I spent much of the Sick tour actually sick. I even came down with pneumonia at one stage. The success of my sinus surgery was a thing of the past. This time, however, I refused to let the recurring infections hinder my training, and, if anything, continuing to work out helped subdue the aches and pains and throbbing ear infections. Another reason my renewed sinus problems didn’t bother me too much was because being on the road with Loaded was totally devoid of drama. When you toured with nine guys—band plus crew—on a bus, playing night after night, all expectations of space and privacy were left at the curb. There was literally no room for bullshit. We washed our laundry in the backstage sink at whatever venue we played that night and hung it to dry in the bus; we only booked one night per week in a hotel—and even then we all crammed into just two rooms at the cheapest place around.
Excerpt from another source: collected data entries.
(* Let $m,n\ge 0$ with $m+n\ge 3$. Then the surjective homomorphism of Leibniz superalgebras $\psi:\mathfrak{stl}(m,n,\mathcal A)\to\mathfrak{sl}(m,n,\mathcal A)$, $\psi(v_{ij}(a))=E_{ij}(a)$, is a central extension; that is, $[t,x]=[x,t]=0$ for all $t\in\operatorname{Ker}\psi$ and all $x\in\mathfrak{stl}(m,n,\mathcal A)$.
   Context: Standing assumptions: $K$ is a field with $\operatorname{char}K\ne 2,3$, and $\mathcal A$ is an associative unital $K$-algebra. A Leibniz superalgebra is a $\mathbb Z_2$-graded $K$-vector space $L=L_0\oplus L_1$ with a bilinear bracket satisfying $[L_\sigma,L_{\sigma'}]\subseteq L_{\sigma+\sigma'}$ and $[[a,b],c]=[a,[b,c]]-(-1)^{|a||b|}[b,[a,c]]$ for homogeneous $a,b,c$. Every Lie superalgebra is a Leibniz superalgebra. For $1\le i,j\le m+n$ put $\tau_{ij}=0$ if $i,j\le m$ or $i,j\ge m+1$, and $\tau_{ij}=1$ otherwise. $\mathfrak{gl}(m,n,\mathcal A)$ is the Lie superalgebra of $(m+n)\times(m+n)$ matrices over $\mathcal A$, where the matrix unit $E_{ij}(a)$ (entry $a$ in position $(i,j)$, zeros elsewhere) has degree $\tau_{ij}$, with bracket $[X,Y]=XY-(-1)^{\alpha\beta}YX$ for $X$ of degree $\alpha$, $Y$ of degree $\beta$. $\mathfrak{sl}(m,n,\mathcal A)$ is the subsuperalgebra generated by all $E_{ij}(a)$ with $i\ne j$, $a\in\mathcal A$ (the derived algebra of $\mathfrak{gl}(m,n,\mathcal A)$). The Steinberg Leibniz superalgebra $\mathfrak{stl}(m,n,\mathcal A)$ is the Leibniz superalgebra generated by symbols $v_{ij}(a)$, $1\le i\ne j\le m+n$, $a\in\mathcal A$, with $v_{ij}(a)$ of degree $\tau_{ij}$, subject to: (1) $v_{ij}$ is $K$-linear in $a$; (2) $[v_{ij}(a),v_{kl}(b)]=0$ if $i\ne l$ and $j\ne k$; (3) $[v_{ij}(a),v_{kl}(b)]=v_{il}(ab)$ if $i\ne l$, $j=k$; (4) $[v_{ij}(a),v_{kl}(b)]=-(-1)^{\tau_{ij}\tau_{kl}}v_{kj}(ba)$ if $i=l$, $j\ne k$. *)

theory Defs
  imports Main
begin

text \<open>Indices are 0-based: 0 .. m+n-1; index i is "even" iff i < m.
  Degrees in Z_2 are represented by bool (True = odd).\<close>

definition tau :: "nat \<Rightarrow> nat \<Rightarrow> nat \<Rightarrow> bool" where
  "tau m i j = ((i < m) \<noteq> (j < m))"

definition kalg :: "('k::field \<Rightarrow> 'a::ring_1 \<Rightarrow> 'a) \<Rightarrow> bool" where
  "kalg smul \<longleftrightarrow>
     (\<forall>k a b. smul k (a + b) = smul k a + smul k b) \<and>
     (\<forall>k l a. smul (k + l) a = smul k a + smul l a) \<and>
     (\<forall>k l a. smul (k * l) a = smul k (smul l a)) \<and>
     (\<forall>a. smul 1 a = a) \<and>
     (\<forall>k a b. smul k (a * b) = smul k a * b) \<and>
     (\<forall>k a b. smul k (a * b) = a * smul k b)"

text \<open>Formal expressions in the generators v_ij(a): elements of the free
  K-vector space with a free bilinear bracket.\<close>

datatype ('k, 'a) tm =
    Gen nat nat 'a
  | Zr
  | Ad "('k, 'a) tm" "('k, 'a) tm"
  | Sm 'k "('k, 'a) tm"
  | Br "('k, 'a) tm" "('k, 'a) tm"

fun wf_tm :: "nat \<Rightarrow> nat \<Rightarrow> ('k, 'a) tm \<Rightarrow> bool" where
  "wf_tm m n (Gen i j a) = (i < m + n \<and> j < m + n \<and> i \<noteq> j)"
| "wf_tm m n Zr = True"
| "wf_tm m n (Ad s t) = (wf_tm m n s \<and> wf_tm m n t)"
| "wf_tm m n (Sm k t) = wf_tm m n t"
| "wf_tm m n (Br s t) = (wf_tm m n s \<and> wf_tm m n t)"

inductive hdeg :: "nat \<Rightarrow> ('k, 'a) tm \<Rightarrow> bool \<Rightarrow> bool" for m where
  "hdeg m (Gen i j a) (tau m i j)"
| "hdeg m Zr d"
| "hdeg m s d \<Longrightarrow> hdeg m t d \<Longrightarrow> hdeg m (Ad s t) d"
| "hdeg m t d \<Longrightarrow> hdeg m (Sm k t) d"
| "hdeg m s d1 \<Longrightarrow> hdeg m t d2 \<Longrightarrow> hdeg m (Br s t) (d1 \<noteq> d2)"

definition sgn :: "bool \<Rightarrow> 'k::field" where
  "sgn b = (if b then -1 else 1)"

text \<open>The congruence defining the Steinberg Leibniz superalgebra stl(m,n,A):
  stl(m,n,A) is the set of well-formed expressions modulo stl_eq.\<close>

inductive stl_eq :: "nat \<Rightarrow> nat \<Rightarrow> ('k::field \<Rightarrow> 'a::ring_1 \<Rightarrow> 'a)
    \<Rightarrow> ('k, 'a) tm \<Rightarrow> ('k, 'a) tm \<Rightarrow> bool" for m n smul where
  refl: "stl_eq m n smul x x"
| sym: "stl_eq m n smul x y \<Longrightarrow> stl_eq m n smul y x"
| trans: "stl_eq m n smul x y \<Longrightarrow> stl_eq m n smul y z \<Longrightarrow> stl_eq m n smul x z"
| cong_Ad: "stl_eq m n smul x x' \<Longrightarrow> stl_eq m n smul y y' \<Longrightarrow> stl_eq m n smul (Ad x y) (Ad x' y')"
| cong_Sm: "stl_eq m n smul x x' \<Longrightarrow> stl_eq m n smul (Sm k x) (Sm k x')"
| cong_Br: "stl_eq m n smul x x' \<Longrightarrow> stl_eq m n smul y y' \<Longrightarrow> stl_eq m n smul (Br x y) (Br x' y')"
| add_assoc: "stl_eq m n smul (Ad (Ad x y) z) (Ad x (Ad y z))"
| add_comm: "stl_eq m n smul (Ad x y) (Ad y x)"
| add_zero: "stl_eq m n smul (Ad x Zr) x"
| add_neg: "stl_eq m n smul (Ad x (Sm (-1) x)) Zr"
| sm_add: "stl_eq m n smul (Sm k (Ad x y)) (Ad (Sm k x) (Sm k y))"
| add_sm: "stl_eq m n smul (Sm (k + l) x) (Ad (Sm k x) (Sm l x))"
| sm_mult: "stl_eq m n smul (Sm (k * l) x) (Sm k (Sm l x))"
| sm_one: "stl_eq m n smul (Sm 1 x) x"
| br_add_left: "stl_eq m n smul (Br (Ad x y) z) (Ad (Br x z) (Br y z))"
| br_add_right: "stl_eq m n smul (Br x (Ad y z)) (Ad (Br x y) (Br x z))"
| br_sm_left: "stl_eq m n smul (Br (Sm k x) y) (Sm k (Br x y))"
| br_sm_right: "stl_eq m n smul (Br x (Sm k y)) (Sm k (Br x y))"
| leibniz: "hdeg m a da \<Longrightarrow> hdeg m b db \<Longrightarrow> hdeg m c dc \<Longrightarrow>
     stl_eq m n smul (Br (Br a b) c)
       (Ad (Br a (Br b c)) (Sm (- sgn (da \<and> db)) (Br b (Br a c))))"
| rel1_add: "i < m + n \<Longrightarrow> j < m + n \<Longrightarrow> i \<noteq> j \<Longrightarrow>
     stl_eq m n smul (Gen i j (a + b)) (Ad (Gen i j a) (Gen i j b))"
| rel1_sm: "i < m + n \<Longrightarrow> j < m + n \<Longrightarrow> i \<noteq> j \<Longrightarrow>
     stl_eq m n smul (Gen i j (smul k a)) (Sm k (Gen i j a))"
| rel2: "i < m + n \<Longrightarrow> j < m + n \<Longrightarrow> k < m + n \<Longrightarrow> l < m + n \<Longrightarrow> i \<noteq> j \<Longrightarrow> k \<noteq> l \<Longrightarrow>
     i \<noteq> l \<Longrightarrow> j \<noteq> k \<Longrightarrow> stl_eq m n smul (Br (Gen i j a) (Gen k l b)) Zr"
| rel3: "i < m + n \<Longrightarrow> j < m + n \<Longrightarrow> l < m + n \<Longrightarrow> i \<noteq> j \<Longrightarrow> j \<noteq> l \<Longrightarrow>
     i \<noteq> l \<Longrightarrow> stl_eq m n smul (Br (Gen i j a) (Gen j l b)) (Gen i l (a * b))"
| rel4: "i < m + n \<Longrightarrow> j < m + n \<Longrightarrow> k < m + n \<Longrightarrow> i \<noteq> j \<Longrightarrow> k \<noteq> i \<Longrightarrow>
     j \<noteq> k \<Longrightarrow> stl_eq m n smul (Br (Gen i j a) (Gen k i b))
        (Sm (- sgn (tau m i j \<and> tau m k i)) (Gen k j (b * a)))"

text \<open>Matrices in gl(m,n,A): functions nat => nat => 'a, only entries with indices
  < m+n matter (all others are 0 for the matrices arising here).\<close>

type_synonym 'a mat = "nat \<Rightarrow> nat \<Rightarrow> 'a"

definition E :: "nat \<Rightarrow> nat \<Rightarrow> 'a::ring_1 \<Rightarrow> 'a mat" where
  "E i j a = (\<lambda>r s. if r = i \<and> s = j then a else 0)"

definition mmul :: "nat \<Rightarrow> 'a::ring_1 mat \<Rightarrow> 'a mat \<Rightarrow> 'a mat" where
  "mmul N X Y = (\<lambda>r s. \<Sum>t<N. X r t * Y t s)"

definition mpart :: "nat \<Rightarrow> bool \<Rightarrow> 'a::ring_1 mat \<Rightarrow> 'a mat" where
  "mpart m d X = (\<lambda>r s. if tau m r s = d then X r s else 0)"

text \<open>Super bracket of gl(m,n,A), extended bilinearly to non-homogeneous matrices:
  [X,Y] = XY - sum_{a,b} (-1)^(ab) Y_b X_a.\<close>

definition sbr :: "nat \<Rightarrow> nat \<Rightarrow> 'a::ring_1 mat \<Rightarrow> 'a mat \<Rightarrow> 'a mat" where
  "sbr m n X Y = (let N = m + n; X0 = mpart m False X; X1 = mpart m True X;
       Y0 = mpart m False Y; Y1 = mpart m True Y
     in (\<lambda>r s. mmul N X Y r s - (mmul N Y0 X0 r s + mmul N Y1 X0 r s
              + mmul N Y0 X1 r s - mmul N Y1 X1 r s)))"

fun psi :: "nat \<Rightarrow> nat \<Rightarrow> ('k \<Rightarrow> 'a::ring_1 \<Rightarrow> 'a) \<Rightarrow> ('k, 'a) tm \<Rightarrow> 'a mat" where
  "psi m n smul (Gen i j a) = E i j a"
| "psi m n smul Zr = (\<lambda>r s. 0)"
| "psi m n smul (Ad x y) = (\<lambda>r s. psi m n smul x r s + psi m n smul y r s)"
| "psi m n smul (Sm k x) = (\<lambda>r s. smul k (psi m n smul x r s))"
| "psi m n smul (Br x y) = sbr m n (psi m n smul x) (psi m n smul y)"

end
The way we dealt with close quarters was with humor. Tons of it. There was the warning call we used when two of us approached each other in the narrow aisle between the onboard bunk beds: ass to ass. The call had entered our lexicon a few years back when a huge security guy got ruffled after a band member passed him crotch to ass in a space about the same width as the aisle on a budget airline. This security guy did not exactly dig the fact that his manhood might have been compromised in that fleeting instant. He dressed down the young rocker right then and there: “Man, it’s always ass to ass, dog … ass to ass!”

The incident became part of Loaded folklore and we practiced the ass-to-ass program on our bus—unless someone felt a bit frisky. In that case, you could surprise your fellow band member with a “junk drag,” a quick spin just as you met your bandmate in the aisle to create a crotch-to-ass passage. I had a college education at this point and was a responsible father and husband, but, hey, you just can’t beat juvenile fun sometimes.

A tour diet is never very wholesome. In fact, it’s often downright gross. We ate dinner after we played, and at 1 a.m. we were lucky to find pizza or schawarma. In the UK, we lapped up cheap, spicy Indian food. Nine guys, one bus, mutton vindaloo, few rest stops—it was a recipe for a lot of flatulence. One of our guitar techs, the hilarious “Evil” Dave, from Sheffield, England, suggested we start a contest: who could come up with a word that most sounded like any given burst of gas. Some sounded like, say, “teapot.” A more throaty one might become “streeeetpost.” This not only passed the time, but also broadened our vocabularies; racking our brains for a winning word was almost like playing Scrabble.

When I returned from the various tour legs—in addition to dates here and in Europe, we crisscrossed South America and hit the festival circuit—I didn’t have anyone to play Name That Fart with. My daughters ran from me when I so much as brought it up. And anyway, my diet also returned to normal.

The new words in my quiver came in handy, however, as during the same time period I kicked off a writing career with a column in the Seattle Weekly and a series of pieces on finance for Playboy. One … two … one, two, three, four: doors really were opening for me now.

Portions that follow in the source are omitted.